Archbishop of Armagh and all-Ireland primate Eamon Martin last night apologised in a statement. ‘I accept that the Church was clearly part of that culture in which people were frequently stigmatised, judged and rejected; for that, and for the long-lasting hurt and emotional distress that has resulted, I unreservedly apologise to the survivors and to all those who are personally impacted by the realities it (the report) uncovers,’ he said.
Mr O’Gorman has written to the religious orders seeking a meeting to discuss whether they will make an apology, contribute to the redress scheme and release records from the homes to be preserved.

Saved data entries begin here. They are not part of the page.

lemma univ_loc_iso_ore_localization:
  assumes "is_left_ore_localization (R Quot pa R S) (qproj R (pa R S) ` S) Q \<sigma>"
  shows "\<exists>f \<in> ring_iso (univ_loc R S) Q. \<forall>r\<in>carrier R. f (loc_map R S r) = \<sigma> (qproj R (pa R S) r)"
proof -
  let ?\<pi> = "qproj R (pa R S)" and ?A = "R Quot pa R S"
  have Q: "ring Q" "\<sigma> \<in> ring_hom ?A Q" "\<And>s. s \<in> S \<Longrightarrow> \<sigma> (?\<pi> s) \<in> Units Q"
    and frac: "\<And>q. q \<in> carrier Q \<Longrightarrow> \<exists>t\<in>?\<pi> ` S. \<exists>a\<in>carrier ?A. q = inv\<^bsub>Q\<^esub> (\<sigma> t) \<otimes>\<^bsub>Q\<^esub> \<sigma> a"
    and ker: "{a \<in> carrier ?A. \<sigma> a = \<zero>\<^bsub>Q\<^esub>} = ass_l ?A (?\<pi> ` S)"
    using assms unfolding is_left_ore_localization_def by auto
  have "\<exists>s\<in>S. \<exists>r\<in>carrier R. q = inv\<^bsub>Q\<^esub> ((\<sigma> \<circ> ?\<pi>) s) \<otimes>\<^bsub>Q\<^esub> (\<sigma> \<circ> ?\<pi>) r" if "q \<in> carrier Q" for q
    using frac[OF that] unfolding carrier_quotient_qproj by auto
  moreover have "r \<in> ass R S" if "r \<in> carrier R" "(\<sigma> \<circ> ?\<pi>) r = \<zero>\<^bsub>Q\<^esub>" for r
    using that ker ring_hom_closed[OF qproj_ring_hom[OF ideal_pa[OF ring_R S_carrier]] that(1)]
    unfolding ass_eq_vimage_ass_l by auto
  ultimately show ?thesis
    using univ_loc_iso[OF Q(1) ring_hom_trans[OF qproj_ring_hom[OF ideal_pa[OF ring_R S_carrier]] Q(2)]] Q(3) by simp
qed

end

theorem theorem1p5:
  fixes R :: "('a, 'm) ring_scheme" and S :: "'a set"
  assumes "ring R" and "left_ore_set R S"
  shows "(left_localizable R S \<longleftrightarrow> pa R S \<noteq> carrier R) \<and>
    (pa R S \<noteq> carrier R \<longrightarrow>
       left_denominator_set (R Quot pa R S) (qproj R (pa R S) ` S) \<and>
       qproj R (pa R S) ` S \<subseteq> left_reg (R Quot pa R S) \<and>
       ass R S = {r \<in> carrier R. qproj R (pa R S) r \<in> ass_l (R Quot pa R S) (qproj R (pa R S) ` S)} \<and>
       (\<forall>(Q :: ('b, 'n) ring_scheme) \<sigma>.
          is_left_ore_localization (R Quot pa R S) (qproj R (pa R S) ` S) Q \<sigma> \<longrightarrow>
          (\<exists>f \<in> ring_iso (univ_loc R S) Q.
             \<forall>r\<in>carrier R. f (loc_map R S r) = \<sigma> (qproj R (pa R S) r))))"
proof -
  have "S \<subseteq> carrier R"
    using left_ore_setD(1)[OF assms(2)] .
  then have "qproj R (pa R S) ` S \<subseteq> left_reg (R Quot pa R S)"
    using qproj_image_left_reg ideal_pa left_reg_mod_pa assms(1) by blast
  then show ?thesis
    using left_localizable_iff_pa_proper[OF assms] left_denominator_set_quotient[OF assms]
      ass_eq_vimage_ass_l[OF assms] univ_loc_iso_ore_localization[OF assms]
    by blast
qed

end
lemma commutation_equiv_basis_change:
  assumes V: "finite V" and into: "\<And>i. i \<in> V \<Longrightarrow> g i \<subseteq> V"
    and kernel: "\<And>S. S \<subseteq> V \<Longrightarrow> symdiff_sum g S = {} \<Longrightarrow> S = {}"
  shows "commutation_equiv V (\<lambda>i j. anticommute E (g i) (g j)) E"
proof -
  let ?f = "symdiff_sum g"
  have fin: "finite S" if "S \<subseteq> V" for S using that by (rule rev_finite_subset[OF V])
  have fV: "?f S \<subseteq> V" if "S \<subseteq> V" for S using that into by (intro symdiff_sum_subset) blast
  have lin: "symdiff_linear V ?f"
    unfolding symdiff_linear_def using fin by (simp add: symdiff_sum_sym_diff)
  have "inj_on ?f (Pow V)"
  proof (rule inj_onI)
    fix S T assume "S \<in> Pow V" "T \<in> Pow V" and eq: "?f S = ?f T"
    then have "sym_diff S T \<subseteq> V" "?f (sym_diff S T) = {}"
      using symdiff_sum_sym_diff[OF fin fin, of S T g] by auto
    then show "S = T" using kernel by blast
  qed
  moreover have "?f ` Pow V \<subseteq> Pow V" using fV by auto
  ultimately have bij: "bij_betw ?f (Pow V) (Pow V)"
    unfolding bij_betw_def using V by (simp add: endo_inj_surj)
  have bilinear: "symdiff_bilinear V (\<lambda>S T. anticommute E (?f S) (?f T))"
    unfolding anticommute_def
    by (intro symdiff_bilinear_comp[OF _ lin fV] symdiff_bilinear_odd_pair_count V)
  have "anticommute E (?f S) (?f T) = anticommute (\<lambda>i j. anticommute E (g i) (g j)) S T"
    if "S \<subseteq> V" "T \<subseteq> V" for S T
    using symdiff_bilinear_eq_odd_pair_count[OF V bilinear that]
    unfolding symdiff_sum_singleton by (simp only: anticommute_def)
  then show ?thesis
    unfolding commutation_equiv_def by (intro exI[of _ ?f] conjI bij lin allI impI)
qed

lemma commutation_equiv_permute:
  assumes "finite V" "inj_on \<pi> V" "\<pi> ` V \<subseteq> V"
  shows "commutation_equiv V (\<lambda>i j. E (\<pi> i) (\<pi> j)) E"
proof -
  have "commutation_equiv V (\<lambda>i j. anticommute E {\<pi> i} {\<pi> j}) E"
  proof (rule commutation_equiv_basis_change[OF assms(1)])
    show "{\<pi> i} \<subseteq> V" if "i \<in> V" for i using assms(3) that by blast
    show "S = {}" if "S \<subseteq> V" "symdiff_sum (\<lambda>i. {\<pi> i}) S = {}" for S
      using inj_on_subset[OF assms(2) that(1)] that(2) by (rule symdiff_sum_eq_empty_inj)
  qed
  then show ?thesis by (simp add: anticommute_def pair_count_singleton)
qed

lemma simple_graph_basis_change:
  assumes "simple_graph n E" and "\<And>i. i \<in> {1..n} \<Longrightarrow> g i \<subseteq> {1..n}"
  shows "simple_graph n (\<lambda>i j. anticommute E (g i) (g j))"
  using anticommute_sym[OF assms(1)] not_anticommute_self[OF assms(1)] assms(2)
  unfolding simple_graph_def by auto

section \<open>Symplectic normal form\<close>

definition hyperbolic :: "nat \<Rightarrow> nat \<Rightarrow> nat \<Rightarrow> bool" where
  "hyperbolic m i j \<longleftrightarrow> i \<le> 2 * m \<and> j \<le> 2 * m \<and> (odd i \<and> j = i + 1 \<or> odd j \<and> i = j + 1)"

definition partner :: "nat \<Rightarrow> nat" where
  "partner i = (if odd i then i + 1 else i - 1)"

lemma partner_in_range: "1 \<le> i \<Longrightarrow> i \<le> 2 * m \<Longrightarrow> 1 \<le> partner i \<and> partner i \<le> 2 * m"
  unfolding partner_def by presburger

lemma hyperbolic_partner_iff:
  "1 \<le> i \<Longrightarrow> i \<le> 2 * m \<Longrightarrow> hyperbolic m k (partner i) \<longleftrightarrow> k = i"
  unfolding hyperbolic_def partner_def by presburger

lemma hyperbolic_sym: "hyperbolic m i j = hyperbolic m j i"
  unfolding hyperbolic_def by auto

lemma hyperbolic_Suc: "i \<le> 2 * r \<or> j \<le> 2 * r \<Longrightarrow> hyperbolic (Suc r) i j = hyperbolic r i j"
  unfolding hyperbolic_def by presburger

lemma not_hyperbolic_large: "2 * r < i \<or> 2 * r < j \<Longrightarrow> \<not> hyperbolic r i j"
  unfolding hyperbolic_def by auto

lemma commutation_radical_hyperbolic:
  assumes m: "2 * m \<le> n"
  shows "commutation_radical {1..n} (hyperbolic m) = Pow {2 * m + 1..n}"
proof (intro equalityI subsetI)
  fix S assume S: "S \<in> commutation_radical {1..n} (hyperbolic m)"
  then have Sn: "S \<subseteq> {1..n}" unfolding commutation_radical_def by auto
  have large: "2 * m < i" if i: "i \<in> S" for i
  proof (rule ccontr)
    assume "\<not> 2 * m < i"
    then have i: "1 \<le> i" "i \<le> 2 * m" using Sn i by auto
    have "{k \<in> S. hyperbolic m k (partner i)} = {i}"
      using hyperbolic_partner_iff[OF i] \<open>i \<in> S\<close> by auto
    then have "anticommute (hyperbolic m) S {partner i}"
      unfolding anticommute_def pair_count_singleton_right by simp
    moreover have "{partner i} \<subseteq> {1..n}" using partner_in_range[OF i] m by auto
    ultimately show False using S unfolding commutation_radical_def by simp
  qed
  have "i \<in> {2 * m + 1..n}" if "i \<in> S" for i
    using large[OF that] that Sn by auto
  then show "S \<in> Pow {2 * m + 1..n}" by blast
next
  fix S assume S: "S \<in> Pow {2 * m + 1..n}"
  then have "pair_count (hyperbolic m) S T = pair_count (\<lambda>_ _. False) S T" for T
    by (intro pair_count_cong) (auto simp: hyperbolic_def)
  then have "\<not> anticommute (hyperbolic m) S T" for T
    unfolding anticommute_def by (simp add: pair_count_False)
  moreover have "S \<subseteq> {1..n}" using S by auto
  ultimately show "S \<in> commutation_radical {1..n} (hyperbolic m)"
    unfolding commutation_radical_def by blast
qed

lemma card_commutation_radical_hyperbolic:
  "2 * m \<le> n \<Longrightarrow> card (commutation_radical {1..n} (hyperbolic m)) = 2 ^ (n - 2 * m)"
  by (simp add: commutation_radical_hyperbolic card_Pow)

definition hyperbolic_prefix :: "nat \<Rightarrow> nat \<Rightarrow> (nat \<Rightarrow> nat \<Rightarrow> bool) \<Rightarrow> bool" where
  "hyperbolic_prefix n r E \<longleftrightarrow> simple_graph n E \<and> 2 * r \<le> n \<and>
     (\<forall>i\<in>{1..n}. \<forall>j\<in>{1..n}. i \<le> 2 * r \<or> j \<le> 2 * r \<longrightarrow> E i j = hyperbolic r i j)"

In a statement, the Sisters of the Sacred Hearts of Jesus and Mary, who ran the Bessborough home in Cork in the early 1920s, and later at Roscrea and Castlepollard, said women were sent to their home due to ‘societal and family pressure to have their babies in secret’. The order said it wanted to ‘sincerely apologise’ to those who ‘did not get the care and support they needed’.
The retired Archbishop of Dublin, Diarmuid Martin, last night said: ‘The Church out-stepped its role and became a controlling Church’, in relation to how women and children were treated in mother and baby homes.
Speaking on RTÉ’s Drivetime, the former archbishop said those involved in the abuse ‘betrayed vulnerable women, they betrayed themselves and their calling and they betrayed the caring message of Jesus Christ’.
‘That should not have happened and there’s no half-way of interpreting reality to try and justify that,’ he said.